lemma native_approx_kfun:
  assumes "fs_coeff \<Omega> c"
  shows "native_approx \<Omega> \<Phi> (kfun \<Phi> c) (\<lambda>k. c)"
proof -
  have "csupp (c - c) = {}" by (simp add: csupp_def)
  then show ?thesis using assms by (simp add: native_approx_def knorm2_def)
qed

locale pd_translation_kernel =
  fixes \<Omega> :: "'a::real_vector set" and \<Phi> :: "'a \<Rightarrow> real"
  assumes sym: "\<forall>u\<in>\<Omega>. \<forall>v\<in>\<Omega>. \<Phi> (u - v) = \<Phi> (v - u)"
    and pd: "pd_kernel_on \<Omega> \<Phi>"
begin

lemma kinner_commute:
  assumes c: "fs_coeff \<Omega> c" and d: "fs_coeff \<Omega> d"
  shows "kinner \<Phi> c d = kinner \<Phi> d c"
proof -
  have "kinner \<Phi> c d = (\<Sum>z\<in>csupp c. \<Sum>w\<in>csupp d. c z * d w * \<Phi> (z - w))"
    unfolding kinner_def kfun_def by (simp add: sum_distrib_left mult.assoc)
  also have "\<dots> = (\<Sum>w\<in>csupp d. \<Sum>z\<in>csupp c. c z * d w * \<Phi> (z - w))"
    by (rule sum.swap)
  also have "\<dots> = (\<Sum>w\<in>csupp d. \<Sum>z\<in>csupp c. d w * c z * \<Phi> (w - z))"
  proof (intro sum.cong refl)
    fix w z assume "w \<in> csupp d" "z \<in> csupp c"
    then have "w \<in> \<Omega>" "z \<in> \<Omega>" using c d by (auto simp: fs_coeff_def)
    then show "c z * d w * \<Phi> (z - w) = d w * c z * \<Phi> (w - z)" using sym by simp
  qed
  also have "\<dots> = kinner \<Phi> d c"
    unfolding kinner_def kfun_def by (simp add: sum_distrib_left mult.assoc)
  finally show ?thesis .
qed

lemma knorm2_nonneg: "fs_coeff \<Omega> c \<Longrightarrow> 0 \<le> knorm2 \<Phi> c"
  using pd unfolding pd_kernel_on_def
  by (cases "csupp c = {}") (auto simp: knorm2_def less_imp_le)

lemma knorm2_add_scale:
  assumes c: "fs_coeff \<Omega> c" and d: "fs_coeff \<Omega> d"
  shows "knorm2 \<Phi> (\<lambda>z. c z + t * d z) = knorm2 \<Phi> c + 2 * t * kinner \<Phi> c d + t\<^sup>2 * knorm2 \<Phi> d"
proof -
  have fc: "finite (csupp c)" and fd: "finite (csupp d)" using c d by (auto simp: fs_coeff_def)
  have S: "finite (csupp c \<union> csupp d)" using fc fd by simp
  have "knorm2 \<Phi> (\<lambda>z. c z + t * d z)
      = (\<Sum>z\<in>csupp c \<union> csupp d. (c z + t * d z) * (kfun \<Phi> c z + t * kfun \<Phi> d z))"
    unfolding knorm2_eq_kinner kinner_superset[OF S csupp_add_scale] kfun_add_scale[OF fc fd] ..
  also have "\<dots> = kinner \<Phi> c c + t * kinner \<Phi> c d + t * kinner \<Phi> d c + t\<^sup>2 * kinner \<Phi> d d"
    unfolding kinner_superset[OF S Un_upper1] kinner_superset[OF S Un_upper2]
    by (simp add: sum.distrib sum_distrib_left algebra_simps power2_eq_square)
  finally show ?thesis
    using kinner_commute[OF c d] by (simp add: knorm2_eq_kinner)
qed

lemma kinner_Cauchy_Schwarz:
  assumes c: "fs_coeff \<Omega> c" and d: "fs_coeff \<Omega> d"
  shows "\<bar>kinner \<Phi> c d\<bar> \<le> knorm \<Phi> c * knorm \<Phi> d"
proof -
  have "(kinner \<Phi> c d)\<^sup>2 \<le> knorm2 \<Phi> c * knorm2 \<Phi> d"
  proof (cases "csupp d = {}")
    case True
    then have "kinner \<Phi> c d = 0" by (simp add: kinner_def kfun_def)
    then show ?thesis using knorm2_nonneg[OF c] knorm2_nonneg[OF d] by simp
  next
    case False
    then have D: "knorm2 \<Phi> d > 0" using pd d unfolding pd_kernel_on_def by blast
    let ?t = "- kinner \<Phi> c d / knorm2 \<Phi> d"
    have "0 \<le> knorm2 \<Phi> (\<lambda>z. c z + ?t * d z)"
      by (rule knorm2_nonneg[OF fs_coeff_add_scale[OF c d]])
    also have "\<dots> = knorm2 \<Phi> c - (kinner \<Phi> c d)\<^sup>2 / knorm2 \<Phi> d"
      unfolding knorm2_add_scale[OF c d] using D by (simp add: field_simps power2_eq_square)
    finally show ?thesis using D by (simp add: field_simps)
  qed
  then have "sqrt ((kinner \<Phi> c d)\<^sup>2) \<le> sqrt (knorm2 \<Phi> c * knorm2 \<Phi> d)"
    by (rule real_sqrt_le_mono)
  then show ?thesis by (simp add: real_sqrt_mult)
qed

lemma knorm_add_le:
  assumes c: "fs_coeff \<Omega> c" and d: "fs_coeff \<Omega> d"
  shows "knorm \<Phi> (\<lambda>z. c z + d z) \<le> knorm \<Phi> c + knorm \<Phi> d"
proof -
  have "knorm2 \<Phi> (\<lambda>z. c z + d z) \<le> (knorm \<Phi> c + knorm \<Phi> d)\<^sup>2"
    using knorm2_add_scale[OF c d, of 1] kinner_Cauchy_Schwarz[OF c d]
      knorm2_nonneg[OF c] knorm2_nonneg[OF d]
    by (simp add: power2_sum)
  then have "knorm \<Phi> (\<lambda>z. c z + d z) \<le> sqrt ((knorm \<Phi> c + knorm \<Phi> d)\<^sup>2)"
    by (rule real_sqrt_le_mono)
  then show ?thesis using knorm2_nonneg[OF c] knorm2_nonneg[OF d] by simp
qed

lemma knorm_diff_le:
  assumes a: "fs_coeff \<Omega> a" and b: "fs_coeff \<Omega> b"
  shows "\<bar>knorm \<Phi> a - knorm \<Phi> b\<bar> \<le> knorm \<Phi> (a - b)"
proof -
  have "knorm \<Phi> a \<le> knorm \<Phi> b + knorm \<Phi> (a - b)"
    using knorm_add_le[OF b fs_coeff_diff[OF a b]] by simp
  moreover have "knorm \<Phi> b \<le> knorm \<Phi> a + knorm \<Phi> (a - b)"
    using knorm_add_le[OF a fs_coeff_diff[OF b a]] knorm2_minus_commute[of \<Phi> a b] by simp
  ultimately show ?thesis by linarith
qed

lemma kernel_cauchy_knorm_convergent:
  assumes s: "kernel_cauchy \<Omega> \<Phi> s"
  shows "convergent (\<lambda>k. knorm \<Phi> (s k))"
proof -
  have "Cauchy (\<lambda>k. knorm \<Phi> (s k))"
  proof (rule metric_CauchyI)
    fix e :: real assume e: "e > 0"
    then obtain N where N: "\<forall>k\<ge>N. \<forall>m\<ge>N. knorm2 \<Phi> (s k - s m) < e\<^sup>2"
      using s unfolding kernel_cauchy_def by (meson zero_less_power)
    show "\<exists>M. \<forall>m\<ge>M. \<forall>n\<ge>M. dist (knorm \<Phi> (s m)) (knorm \<Phi> (s n)) < e"
    proof (intro exI allI impI)
      fix m n assume "m \<ge> N" "n \<ge> N"
      then have "knorm \<Phi> (s m - s n) < e"
        using N e by (simp add: real_less_lsqrt)
      moreover have "\<bar>knorm \<Phi> (s m) - knorm \<Phi> (s n)\<bar> \<le> knorm \<Phi> (s m - s n)"
        using knorm_diff_le s unfolding kernel_cauchy_def by blast
      ultimately show "dist (knorm \<Phi> (s m)) (knorm \<Phi> (s n)) < e"
        by (simp add: dist_real_def)
    qed
  qed
  then show ?thesis by (simp add: Cauchy_convergent_iff)
qed

lemma kernel_cauchy_diff:
  assumes s: "kernel_cauchy \<Omega> \<Phi> s" and t: "kernel_cauchy \<Omega> \<Phi> t"
  shows "kernel_cauchy \<Omega> \<Phi> (\<lambda>k. s k - t k)"
  unfolding kernel_cauchy_def
proof (intro conjI allI impI)
  have fs: "fs_coeff \<Omega> (s k)" "fs_coeff \<Omega> (t k)" for k
    using s t by (auto simp: kernel_cauchy_def)
  then show "fs_coeff \<Omega> (s k - t k)" for k by (simp add: fs_coeff_diff)
  fix e :: real assume "e > 0"
  then obtain N1 N2
    where N1: "\<forall>k\<ge>N1. \<forall>m\<ge>N1. knorm2 \<Phi> (s k - s m) < e / 4"
      and N2: "\<forall>k\<ge>N2. \<forall>m\<ge>N2. knorm2 \<Phi> (t k - t m) < e / 4"
    using s t unfolding kernel_cauchy_def by (meson zero_less_divide_iff zero_less_numeral)
  show "\<exists>N. \<forall>k\<ge>N. \<forall>m\<ge>N. knorm2 \<Phi> ((s k - t k) - (s m - t m)) < e"
  proof (intro exI allI impI)
    fix k m assume "k \<ge> max N1 N2" "m \<ge> max N1 N2"
    have "(s k - t k) - (s m - t m) = (\<lambda>z. (s k - s m) z + (t m - t k) z)"
      by (simp add: fun_eq_iff)
    then have "knorm \<Phi> ((s k - t k) - (s m - t m))
        \<le> knorm \<Phi> (s k - s m) + knorm \<Phi> (t k - t m)"
      using knorm_add_le[OF fs_coeff_diff fs_coeff_diff, OF fs(1) fs(1) fs(2) fs(2)]
        knorm2_minus_commute[of \<Phi> "t k"] by simp
    also have "\<dots> < sqrt (e / 4) + sqrt (e / 4)"
      using N1 N2 \<open>k \<ge> max N1 N2\<close> \<open>m \<ge> max N1 N2\<close> by (intro add_strict_mono) auto
    also have "\<dots> = sqrt e"
      by (simp add: real_sqrt_divide)
    finally show "knorm2 \<Phi> ((s k - t k) - (s m - t m)) < e" by simp
  qed
qed

lemma kinner_tendsto_zero:
  assumes c: "fs_coeff \<Omega> c" and pw: "\<forall>u\<in>\<Omega>. (\<lambda>k. kfun \<Phi> (d k) u) \<longlonglongrightarrow> 0"
  shows "(\<lambda>k. kinner \<Phi> c (d k)) \<longlonglongrightarrow> 0"
proof -
  have "(\<lambda>k. \<Sum>z\<in>csupp c. c z * kfun \<Phi> (d k) z) \<longlonglongrightarrow> (\<Sum>z\<in>csupp c. c z * 0)"
    using c pw by (intro tendsto_sum tendsto_mult tendsto_const) (auto simp: fs_coeff_def)
  then show ?thesis by (simp add: kinner_def)
qed

lemma kernel_cauchy_tendsto_zero:
  assumes d: "kernel_cauchy \<Omega> \<Phi> d" and pw: "\<forall>u\<in>\<Omega>. (\<lambda>k. kfun \<Phi> (d k) u) \<longlonglongrightarrow> 0"
  shows "(\<lambda>k. knorm2 \<Phi> (d k)) \<longlonglongrightarrow> 0"
proof (rule LIMSEQ_I)
  fix r :: real assume r: "r > 0"
  have fs: "\<And>k. fs_coeff \<Omega> (d k)" using d by (simp add: kernel_cauchy_def)
  obtain M where M: "M > 0" "\<And>k. knorm \<Phi> (d k) \<le> M"
    using convergent_imp_Bseq[OF kernel_cauchy_knorm_convergent[OF d]]
    unfolding Bseq_def real_norm_def by (meson abs_le_D1)
  obtain N where N: "\<forall>k\<ge>N. \<forall>m\<ge>N. knorm2 \<Phi> (d k - d m) < (r / (2 * M))\<^sup>2"
    using d r M unfolding kernel_cauchy_def by (meson zero_less_divide_iff zero_less_mult_iff
        zero_less_numeral zero_less_power)
  obtain K where K: "\<forall>k\<ge>K. \<bar>kinner \<Phi> (d N) (d k)\<bar> < r / 2"
    using LIMSEQ_D[OF kinner_tendsto_zero[OF fs pw], of "r / 2"] r by auto
  show "\<exists>K. \<forall>k\<ge>K. norm (knorm2 \<Phi> (d k) - 0) < r"
  proof (intro exI allI impI)
    fix k assume k: "k \<ge> max N K"
    have split: "knorm2 \<Phi> (d k) = kinner \<Phi> (d k) (d k - d N) + kinner \<Phi> (d N) (d k)"
      using kinner_diff_right[of "d k" "d N" \<Phi> "d k"] kinner_commute[OF fs fs] fs
      by (simp add: knorm2_eq_kinner fs_coeff_def)
    have "knorm \<Phi> (d k - d N) \<le> r / (2 * M)"
      using N k r M by (intro real_le_lsqrt less_imp_le) auto
    then have "knorm \<Phi> (d k) * knorm \<Phi> (d k - d N) \<le> M * (r / (2 * M))"
      using M knorm2_nonneg[OF fs_coeff_diff[OF fs fs]] by (intro mult_mono) auto
    then have "\<bar>kinner \<Phi> (d k) (d k - d N)\<bar> \<le> r / 2"
      using kinner_Cauchy_Schwarz[OF fs fs_coeff_diff[OF fs fs], of k k N] M by simp
    moreover have "\<bar>kinner \<Phi> (d N) (d k)\<bar> < r / 2"
      using K k by simp
    ultimately show "norm (knorm2 \<Phi> (d k) - 0) < r"
      unfolding split real_norm_def diff_zero by linarith
  qed
qed

lemma native_approx_diff_tendsto_zero:
  assumes s: "native_approx \<Omega> \<Phi> f s" and t: "native_approx \<Omega> \<Phi> f t"
  shows "(\<lambda>k. knorm2 \<Phi> (s k - t k)) \<longlonglongrightarrow> 0"
proof (rule kernel_cauchy_tendsto_zero)
  have s_cauchy: "kernel_cauchy \<Omega> \<Phi> s" and t_cauchy: "kernel_cauchy \<Omega> \<Phi> t"
    using s t by (simp_all add: native_approx_iff)
  then show "kernel_cauchy \<Omega> \<Phi> (\<lambda>k. s k - t k)"
    by (rule kernel_cauchy_diff)
  show "\<forall>u\<in>\<Omega>. (\<lambda>k. kfun \<Phi> (s k - t k) u) \<longlonglongrightarrow> 0"
  proof
    fix u assume "u \<in> \<Omega>"
    then have "(\<lambda>k. kfun \<Phi> (s k) u - kfun \<Phi> (t k) u) \<longlonglongrightarrow> f u - f u"
      using s t by (intro tendsto_diff) (simp_all add: native_approx_def)
    moreover have "finite (csupp (s k))" "finite (csupp (t k))" for k
      using s_cauchy t_cauchy by (simp_all add: kernel_cauchy_def fs_coeff_def)
    ultimately show "(\<lambda>k. kfun \<Phi> (s k - t k) u) \<longlonglongrightarrow> 0"
      by (simp add: kfun_diff)
  qed
qed

lemma native_norm_tendsto:
  assumes s: "native_approx \<Omega> \<Phi> f s"
  shows "(\<lambda>k. knorm \<Phi> (s k)) \<longlonglongrightarrow> native_norm \<Omega> \<Phi> f"
proof -
  obtain r where "(\<lambda>k. knorm \<Phi> (s k)) \<longlonglongrightarrow> r"
    using s kernel_cauchy_knorm_convergent unfolding native_approx_iff convergent_def by blast
  then have "\<exists>r t. native_approx \<Omega> \<Phi> f t \<and> (\<lambda>k. knorm \<Phi> (t k)) \<longlonglongrightarrow> r"
    using s by blast
  then have "\<exists>t. native_approx \<Omega> \<Phi> f t
      \<and> (\<lambda>k. knorm \<Phi> (t k)) \<longlonglongrightarrow> native_norm \<Omega> \<Phi> f"
    unfolding native_norm_def by (rule someI_ex)
  then obtain t where t: "native_approx \<Omega> \<Phi> f t"
    and tn: "(\<lambda>k. knorm \<Phi> (t k)) \<longlonglongrightarrow> native_norm \<Omega> \<Phi> f"
    by blast
  have fs: "fs_coeff \<Omega> (s k)" "fs_coeff \<Omega> (t k)" for k
    using s t by (simp_all add: native_approx_def)
  have "\<forall>k. norm (knorm \<Phi> (s k) - knorm \<Phi> (t k)) \<le> knorm \<Phi> (s k - t k)"
    using knorm_diff_le[OF fs] by simp
  moreover have "(\<lambda>k. knorm \<Phi> (s k - t k)) \<longlonglongrightarrow> 0"
    using tendsto_real_sqrt[OF native_approx_diff_tendsto_zero[OF s t]] by simp
  ultimately have "(\<lambda>k. knorm \<Phi> (s k) - knorm \<Phi> (t k)) \<longlonglongrightarrow> 0"
    by (rule Lim_null_comparison[OF always_eventually])
  from tendsto_add[OF this tn] show ?thesis by simp
qed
============
▶ [TASK GOAL]: Find "meson" in the preceding records. Copy each line that holds it.

▶ [SOLUTION TO THIS PROBLEM]:
      using s unfolding kernel_cauchy_def by (meson zero_less_power)
    using s t unfolding kernel_cauchy_def by (meson zero_less_divide_iff zero_less_numeral)
    unfolding Bseq_def real_norm_def by (meson abs_le_D1)
    using d r M unfolding kernel_cauchy_def by (meson zero_less_divide_iff zero_less_mult_iff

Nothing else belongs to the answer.